Creationists love Sir Fred Hoyle’s vivid metaphor for his own misunderstanding of natural selection. It is as if a hurricane, blowing though a junkyard, had the good fortune to assemble a Boeing 747. Hoyle’s point is about statistical improbability. Our answer, yours and mine and Stephen Gould’s, is that natural selection is cumulative. There is a ratchet, such that small gains are saved. The hurricane doesn’t spontaneously assemble the airliner in one go. Small improvements are added bit by bit. To change the metaphor, however daunting the sheer cliffs that the adaptive mountain first presents, graded ramps can be found the other side and the peak eventually scaled. Adaptive evolution must be gradual and cumulative, not because the evidence supports it (though it does) but because nothing except gradual accumulation could, in principle, do the job of solving the 747 riddle. Even divine creation wouldn’t help. Quite the contrary since any entity complicated and intelligent enough to perform the creative rôle would itself be the ultimate 747. And for exactly the same reason the evolution of complex, many-parted adaptations must be progressive. Later descendants will have accumulated a larger number of components towards the adaptive combination than earlier ancestors.

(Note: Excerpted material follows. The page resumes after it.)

(* Let $n\ge 2$, let $c_1,\dots,c_n\ge 2$ be integers, let $d$ be prime, and let $f:\mathbb{Z}_{c_1}\times\cdots\times\mathbb{Z}_{c_n}\to\mathbb{Z}_d$ be any function. Then the distribution $$p(\mathbf{m}|\mathbf{s})=\begin{cases} d^{1-n} & \text{if } \sum_{j=1}^n m_j\equiv f(\mathbf{s}) \pmod d,\\ 0&\text{otherwise},\end{cases}$$ is non-signaling and satisfies $p\big(\sum_j m_j\equiv f(\mathbf{s})\,\big|\,\mathbf{s}\big)=1$ for every $\mathbf{s}$. Moreover, it is the unique non-signaling distribution $p(\mathbf{m}|\mathbf{s})$ satisfying $p\big(\sum_j m_j\equiv f(\mathbf{s})\,\big|\,\mathbf{s}\big)=1$ for all $\mathbf{s}$ if and only if $f$ is not bi-partite linear.
   Context: A conditional distribution $p(\mathbf{m}|\mathbf{s})$ with $\mathbf{m}\in\mathbb{Z}_d^n$, $\mathbf{s}\in\prod_j\mathbb{Z}_{c_j}$ (nonnegative, summing to 1 over $\mathbf{m}$ for each $\mathbf{s}$) is non-signaling if for every subset $S\subseteq\{1,\dots,n\}$ the marginal distribution of the outcomes $(m_j)_{j\in S}$ depends only on $(s_j)_{j\in S}$. A bipartition $\{A,B\}$ of $\{1,\dots,n\}$ is a division into two disjoint non-empty sets with $A\cup B=\{1,\dots,n\}$. The function $f$ is bi-partite linear if there exists a bipartition $\{A,B\}$ and functions $f^A$ of $\mathbf{s}^A=(s_j)_{j\in A}$ and $f^B$ of $\mathbf{s}^B=(s_j)_{j\in B}$, valued in $\mathbb{Z}_d$, with $f(\mathbf{s})=f^A(\mathbf{s}^A)+f^B(\mathbf{s}^B)$ (mod $d$) for all $\mathbf{s}$. *)

theory Defs
  imports Complex_Main "HOL-Library.FuncSet" "HOL-Computational_Algebra.Primes"
begin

The evolution of the vertebrate eye must have been progressive. Ancient ancestors had a very simple eye, containing only a few features good for seeing. We don’t need evidence for this (although it is nice that it is there). It has to be true because the alternative – an initially complex eye, well-endowed with features good for seeing – pitches us right back to Hoyle country and the sheer cliff of improbability. There must be a ramp of step-by-step progress towards the modern, multifeatured descendant of that optical prototype. Of course, in this case, modern analogs of every step up the ramp can be found, working serviceably in dozens of eyes dotted independently around the animal kingdom. But even without these examples, we could be confident that there must have been a gradual, progressive increase in the number of features which an engineer would recognize as contributing towards optical quality. Without stirring from our armchair, we can see that it must be so.

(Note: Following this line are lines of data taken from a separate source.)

(* Assume $X$ is a semimartingale. Define the predictable set $$\Gamma_0:=\{(\omega,t,x): X_{t-}(\omega)<b(t),\ x=b(t)-X_{t-}(\omega)\}.$$ If $\mathbf 1_{\Gamma_0}*\nu^X\equiv 0$, then $\mathbb P(J_0)=0$. In particular this holds whenever $\nu^X$ admits a predictable disintegration $\nu^X(\omega,dt,dx)=K(\omega,t,dx)\,dA_t(\omega)$, with $A$ a predictable increasing process and $K(\omega,t,\cdot)$ a diffuse (atomless) measure for $\mathbb P\otimes dA$-almost every $(\omega,t)$.
   Context: Let $(\Omega,\mathcal F,\mathbb F=(\mathcal F_t)_{t\ge0},\mathbb P)$ be a filtered probability space satisfying the usual conditions. Let $X$ be a real-valued $\mathbb F$-semimartingale (càdlàg) and $b:[0,\infty)\to\mathbb R$ a continuous deterministic function, with $X_0<b(0)$ identically. $X_{t-}$ denotes the left limit. Let $\mu^X(dt,dx):=\sum_{s>0:\Delta X_s\ne0}\delta_{(s,\Delta X_s)}(dt,dx)$ be the jump measure of $X$ and $\nu^X$ its predictable compensator. For a function $W\ge0$ on $\Omega\times[0,\infty)\times\mathbb R$, $(W*\mu)_t:=\int_0^t\int_{\mathbb R}W(s,x)\,\mu(ds,dx)$; "$\equiv0$" means identically zero up to evanescence. Set $Y_t:=X_t-b(t)$, $\tau:=\inf\{t\ge0:Y_t\ge0\}$ ($\inf\emptyset=\infty$), and $J_0:=\{\tau<\infty,\,Y_{\tau-}<0,\,Y_\tau=0\}$. *)

theory Defs
  imports "HOL-Probability.Probability"
begin

text \<open>Time set is [0,oo); processes are indexed by real t, only t \<ge> 0 matters.
  A process is a function X :: real => 'a => real (time first, then omega).\<close>

definition usual_conditions :: "'a measure \<Rightarrow> (real \<Rightarrow> 'a measure) \<Rightarrow> bool" where
  "usual_conditions M F \<longleftrightarrow>
     (\<forall>t. space (F t) = space M \<and> sets (F t) \<subseteq> sets M) \<and>
     (\<forall>s t. s \<le> t \<longrightarrow> sets (F s) \<subseteq> sets (F t)) \<and>
     (\<forall>N \<in> null_sets M. \<forall>A. A \<subseteq> N \<longrightarrow> A \<in> sets M) \<and>
     (null_sets M \<subseteq> sets (F 0)) \<and>
     (\<forall>t\<ge>0. sets (F t) = (\<Inter>s\<in>{t<..}. sets (F s)))"

definition adapted :: "(real \<Rightarrow> 'a measure) \<Rightarrow> (real \<Rightarrow> 'a \<Rightarrow> real) \<Rightarrow> bool" where
  "adapted F X \<longleftrightarrow> (\<forall>t\<ge>0. X t \<in> borel_measurable (F t))"

definition cadlag :: "'a measure \<Rightarrow> (real \<Rightarrow> 'a \<Rightarrow> real) \<Rightarrow> bool" where
  "cadlag M X \<longleftrightarrow> (\<forall>\<omega>\<in>space M. \<forall>t\<ge>0.
      continuous (at_right t) (\<lambda>s. X s \<omega>) \<and>
      (t > 0 \<longrightarrow> (\<exists>l. ((\<lambda>s. X s \<omega>) \<longlongrightarrow> l) (at_left t))))"

definition left_lim :: "(real \<Rightarrow> real) \<Rightarrow> real \<Rightarrow> real" where
  "left_lim f t = (if t \<le> 0 then f 0 else Lim (at_left t) f)"

definition Xminus :: "(real \<Rightarrow> 'a \<Rightarrow> real) \<Rightarrow> real \<Rightarrow> 'a \<Rightarrow> real" where
  "Xminus X t \<omega> = left_lim (\<lambda>s. X s \<omega>) t"

definition jump :: "(real \<Rightarrow> 'a \<Rightarrow> real) \<Rightarrow> real \<Rightarrow> 'a \<Rightarrow> real" where
  "jump X t \<omega> = X t \<omega> - Xminus X t \<omega>"

definition martingale :: "'a measure \<Rightarrow> (real \<Rightarrow> 'a measure) \<Rightarrow> (real \<Rightarrow> 'a \<Rightarrow> real) \<Rightarrow> bool" where
  "martingale M F X \<longleftrightarrow> adapted F X \<and> (\<forall>t\<ge>0. integrable M (X t)) \<and>
     (\<forall>s t. 0 \<le> s \<and> s \<le> t \<longrightarrow> (AE \<omega> in M. real_cond_exp M (F s) (X t) \<omega> = X s \<omega>))"

definition local_martingale :: "'a measure \<Rightarrow> (real \<Rightarrow> 'a measure) \<Rightarrow> (real \<Rightarrow> 'a \<Rightarrow> real) \<Rightarrow> bool" where
  "local_martingale M F L \<longleftrightarrow> adapted F L \<and> cadlag M L \<and>
     (\<exists>T :: nat \<Rightarrow> 'a \<Rightarrow> real.
        (\<forall>n. stopping_time F (T n) \<and> (\<forall>\<omega>\<in>space M. 0 \<le> T n \<omega>)) \<and>
        (AE \<omega> in M. mono (\<lambda>n. T n \<omega>) \<and> filterlim (\<lambda>n. T n \<omega>) at_top sequentially) \<and>
        (\<forall>n. martingale M F (\<lambda>t \<omega>. L (min t (T n \<omega>)) \<omega>)))"

definition bounded_variation_on :: "(real \<Rightarrow> real) \<Rightarrow> real \<Rightarrow> real \<Rightarrow> bool" where
  "bounded_variation_on f a b \<longleftrightarrow> (\<exists>B. \<forall>ts. sorted ts \<and> set ts \<subseteq> {a..b} \<longrightarrow>
      (\<Sum>i<length ts - 1. \<bar>f (ts ! Suc i) - f (ts ! i)\<bar>) \<le> B)"

definition fv_process :: "'a measure \<Rightarrow> (real \<Rightarrow> 'a measure) \<Rightarrow> (real \<Rightarrow> 'a \<Rightarrow> real) \<Rightarrow> bool" where
  "fv_process M F A \<longleftrightarrow> adapted F A \<and> cadlag M A \<and>
     (\<forall>\<omega>\<in>space M. \<forall>t\<ge>0. bounded_variation_on (\<lambda>s. A s \<omega>) 0 t)"

definition semimartingale :: "'a measure \<Rightarrow> (real \<Rightarrow> 'a measure) \<Rightarrow> (real \<Rightarrow> 'a \<Rightarrow> real) \<Rightarrow> bool" where
  "semimartingale M F X \<longleftrightarrow> adapted F X \<and> cadlag M X \<and>
     (\<exists>L A. local_martingale M F L \<and> fv_process M F A \<and>
        (\<forall>\<omega>\<in>space M. L 0 \<omega> = 0 \<and> A 0 \<omega> = 0) \<and>
        (\<forall>t\<ge>0. \<forall>\<omega>\<in>space M. X t \<omega> = X 0 \<omega> + L t \<omega> + A t \<omega>))"

definition pred_sigma :: "'a measure \<Rightarrow> (real \<Rightarrow> 'a measure) \<Rightarrow> ('a \<times> real) measure" where
  "pred_sigma M F = sigma (space M \<times> {0..})
     ({A \<times> {0} | A. A \<in> sets (F 0)} \<union>
      {A \<times> {s<..t} | A s t. 0 \<le> s \<and> s \<le> t \<and> A \<in> sets (F s)})"

definition predictable_process :: "'a measure \<Rightarrow> (real \<Rightarrow> 'a measure) \<Rightarrow> (real \<Rightarrow> 'a \<Rightarrow> 'b::topological_space) \<Rightarrow> bool" where
  "predictable_process M F Z \<longleftrightarrow> (\<lambda>(\<omega>, t). Z t \<omega>) \<in> borel_measurable (pred_sigma M F)"

definition Ptilde_measurable :: "'a measure \<Rightarrow> (real \<Rightarrow> 'a measure) \<Rightarrow> ('a \<Rightarrow> real \<Rightarrow> real \<Rightarrow> ennreal) \<Rightarrow> bool" where
  "Ptilde_measurable M F W \<longleftrightarrow>
     (\<lambda>((\<omega>, t), x). W \<omega> t x) \<in> borel_measurable (pred_sigma M F \<Otimes>\<^sub>M (borel :: real measure))"

text \<open>(W * mu^X) over the time set I: sum over jump times s > 0 in I.\<close>
definition int_mu :: "(real \<Rightarrow> 'a \<Rightarrow> real) \<Rightarrow> ('a \<Rightarrow> real \<Rightarrow> real \<Rightarrow> ennreal) \<Rightarrow> real set \<Rightarrow> 'a \<Rightarrow> ennreal" where
  "int_mu X W I \<omega> = (\<integral>\<^sup>+ s. indicator {s \<in> I. 0 < s \<and> jump X s \<omega> \<noteq> 0} s * W \<omega> s (jump X s \<omega>)
                        \<partial>count_space UNIV)"

definition int_nu :: "('a \<Rightarrow> (real \<times> real) measure) \<Rightarrow> ('a \<Rightarrow> real \<Rightarrow> real \<Rightarrow> ennreal) \<Rightarrow> real set \<Rightarrow> 'a \<Rightarrow> ennreal" where
  "int_nu \<nu> W I \<omega> = (\<integral>\<^sup>+ z. indicator (I \<times> UNIV) z * W \<omega> (fst z) (snd z) \<partial>\<nu> \<omega>)"

text \<open>nu is the predictable compensator of the jump measure mu^X (Jacod--Shiryaev II.1.8).\<close>
definition is_compensator :: "'a measure \<Rightarrow> (real \<Rightarrow> 'a measure) \<Rightarrow> (real \<Rightarrow> 'a \<Rightarrow> real) \<Rightarrow> ('a \<Rightarrow> (real \<times> real) measure) \<Rightarrow> bool" where
  "is_compensator M F X \<nu> \<longleftrightarrow>
     (\<forall>\<omega>\<in>space M. sets (\<nu> \<omega>) = sets (borel :: (real \<times> real) measure) \<and>
                   emeasure (\<nu> \<omega>) ({..0} \<times> UNIV) = 0) \<and>
     (\<forall>W. Ptilde_measurable M F W \<longrightarrow>
        predictable_process M F (\<lambda>t \<omega>. int_nu \<nu> W {0..t} \<omega>) \<and>
        (\<integral>\<^sup>+ \<omega>. int_mu X W {0..} \<omega> \<partial>M) = (\<integral>\<^sup>+ \<omega>. int_nu \<nu> W {0..} \<omega> \<partial>M))"

definition Gamma0 :: "(real \<Rightarrow> 'a \<Rightarrow> real) \<Rightarrow> (real \<Rightarrow> real) \<Rightarrow> ('a \<times> real \<times> real) set" where
  "Gamma0 X b = {(\<omega>, t, x). Xminus X t \<omega> < b t \<and> x = b t - Xminus X t \<omega>}"

definition hit_set :: "(real \<Rightarrow> 'a \<Rightarrow> real) \<Rightarrow> (real \<Rightarrow> real) \<Rightarrow> 'a \<Rightarrow> real set" where
  "hit_set X b \<omega> = {t. 0 \<le> t \<and> X t \<omega> - b t \<ge> 0}"

definition tau :: "(real \<Rightarrow> 'a \<Rightarrow> real) \<Rightarrow> (real \<Rightarrow> real) \<Rightarrow> 'a \<Rightarrow> ereal" where
  "tau X b \<omega> = (if hit_set X b \<omega> = {} then \<infinity> else ereal (Inf (hit_set X b \<omega>)))"

definition J0 :: "'a measure \<Rightarrow> (real \<Rightarrow> 'a \<Rightarrow> real) \<Rightarrow> (real \<Rightarrow> real) \<Rightarrow> 'a set" where
  "J0 M X b = {\<omega> \<in> space M. tau X b \<omega> < \<infinity> \<and>
      (let T = real_of_ereal (tau X b \<omega>) in
         left_lim (\<lambda>t. X t \<omega> - b t) T < 0 \<and> X T \<omega> - b T = 0)}"

definition dA :: "(real \<Rightarrow> 'a \<Rightarrow> real) \<Rightarrow> 'a \<Rightarrow> real measure" where
  "dA A \<omega> = interval_measure (\<lambda>t. A (max t 0) \<omega>)"

definition predictable_disintegration :: "'a measure \<Rightarrow> (real \<Rightarrow> 'a measure) \<Rightarrow> ('a \<Rightarrow> (real \<times> real) measure)
     \<Rightarrow> (real \<Rightarrow> 'a \<Rightarrow> real) \<Rightarrow> ('a \<Rightarrow> real \<Rightarrow> real measure) \<Rightarrow> bool" where
  "predictable_disintegration M F \<nu> A K \<longleftrightarrow>
     \<comment> \<open>A predictable increasing (cadlag, nondecreasing, A_0 = 0) process\<close>
     predictable_process M F A \<and> cadlag M A \<and>
     (\<forall>\<omega>\<in>space M. mono_on {0..} (\<lambda>t. A t \<omega>) \<and> A 0 \<omega> = 0) \<and>
     \<comment> \<open>K a predictable kernel from (Omega x [0,oo), P) to (R, Borel)\<close>
     (\<forall>\<omega>\<in>space M. \<forall>t\<ge>0. sets (K \<omega> t) = sets (borel :: real measure)) \<and>
     (\<forall>B\<in>sets (borel :: real measure). (\<lambda>(\<omega>, t). emeasure (K \<omega> t) B) \<in> borel_measurable (pred_sigma M F)) \<and>
     \<comment> \<open>the disintegration\<close>
     (\<forall>\<omega>\<in>space M. \<forall>C\<in>sets (borel :: (real \<times> real) measure).
        emeasure (\<nu> \<omega>) C = (\<integral>\<^sup>+ t. indicator {0..} t * emeasure (K \<omega> t) (Pair t -` C) \<partial>dA A \<omega>)) \<and>
     \<comment> \<open>K(omega,t,.) is diffuse for P (x) dA - a.e. (omega,t)\<close>
     (\<integral>\<^sup>+ \<omega>. (\<integral>\<^sup>+ t. indicator {t. 0 \<le> t \<and> \<not> (\<forall>x. emeasure (K \<omega> t) {x} = 0)} t \<partial>dA A \<omega>) \<partial>M) = 0"

end

theory Submission
  imports Defs
begin

text \<open>
  On \<open>J0\<close> the path of \<open>X\<close> reaches \<open>b\<close> by a jump at a time \<open>s > 0\<close> whose size is exactly
  \<open>b(s) - X(s-)\<close>, so the jump measure charges \<open>Gamma0\<close> there and
  \<open>P(J0) \<le> E[1_Gamma0 * mu^X] = E[1_Gamma0 * nu^X]\<close>. The event \<open>J0\<close> need not be measurable,
  but it lies inside the event that \<open>X\<close> jumps onto \<open>b\<close> at some positive time, which has a
  countable description on dyadic grids; completeness does the rest.

  Under a disintegration \<open>nu(dt, dx) = K(t, dx) dA_t\<close>, \<open>1_Gamma0 * nu^X\<close> is the \<open>dA\<close>-integral
  of the atom of \<open>K(t)\<close> at \<open>b(t) - X(t-)\<close>. Where some dyadic cell around this point has finite
  \<open>K\<close>-mass, the masses of the shrinking cells converge to the atom, which vanishes
  \<open>P \<otimes> dA\<close>-a.e. by diffuseness. The predictable set where all these masses are infinite is
  \<open>dA\<close>-null too: on the part of it where \<open>X\<close> has at most \<open>m\<close> big jumps, the indicator of
  the cells has infinite \<open>nu\<close>-integral but \<open>mu^X\<close>-integral at most \<open>m + 1\<close>, and the two
  expectations agree.
\<close>

section \<open>Dyadic grids\<close>

definition dyadic_index :: "nat \<Rightarrow> real \<Rightarrow> nat" where
  "dyadic_index n t = nat (\<lceil>2 ^ n * t\<rceil> - 1)"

Darwin himself understood this kind of argument clearly, which is why he was such a staunch gradualist. Incidentally, it is also why Gould is unjust when he implies, not in this book but in many other places, that Darwin was against the spirit of punctuationism. The theory of punctuated equilibrium itself is gradualist (by Gad it had better be) in the sense in which Darwin was a gradualist – the sense in which all sane evolutionists must be gradualists, at least where complex adaptations are concerned. It is just that, if punctuationism is right, the progressive, gradualistic steps are compressed into a timeframe which the fossil record does not resolve. Gould admits this when pressed, but he isn’t pressed often enough.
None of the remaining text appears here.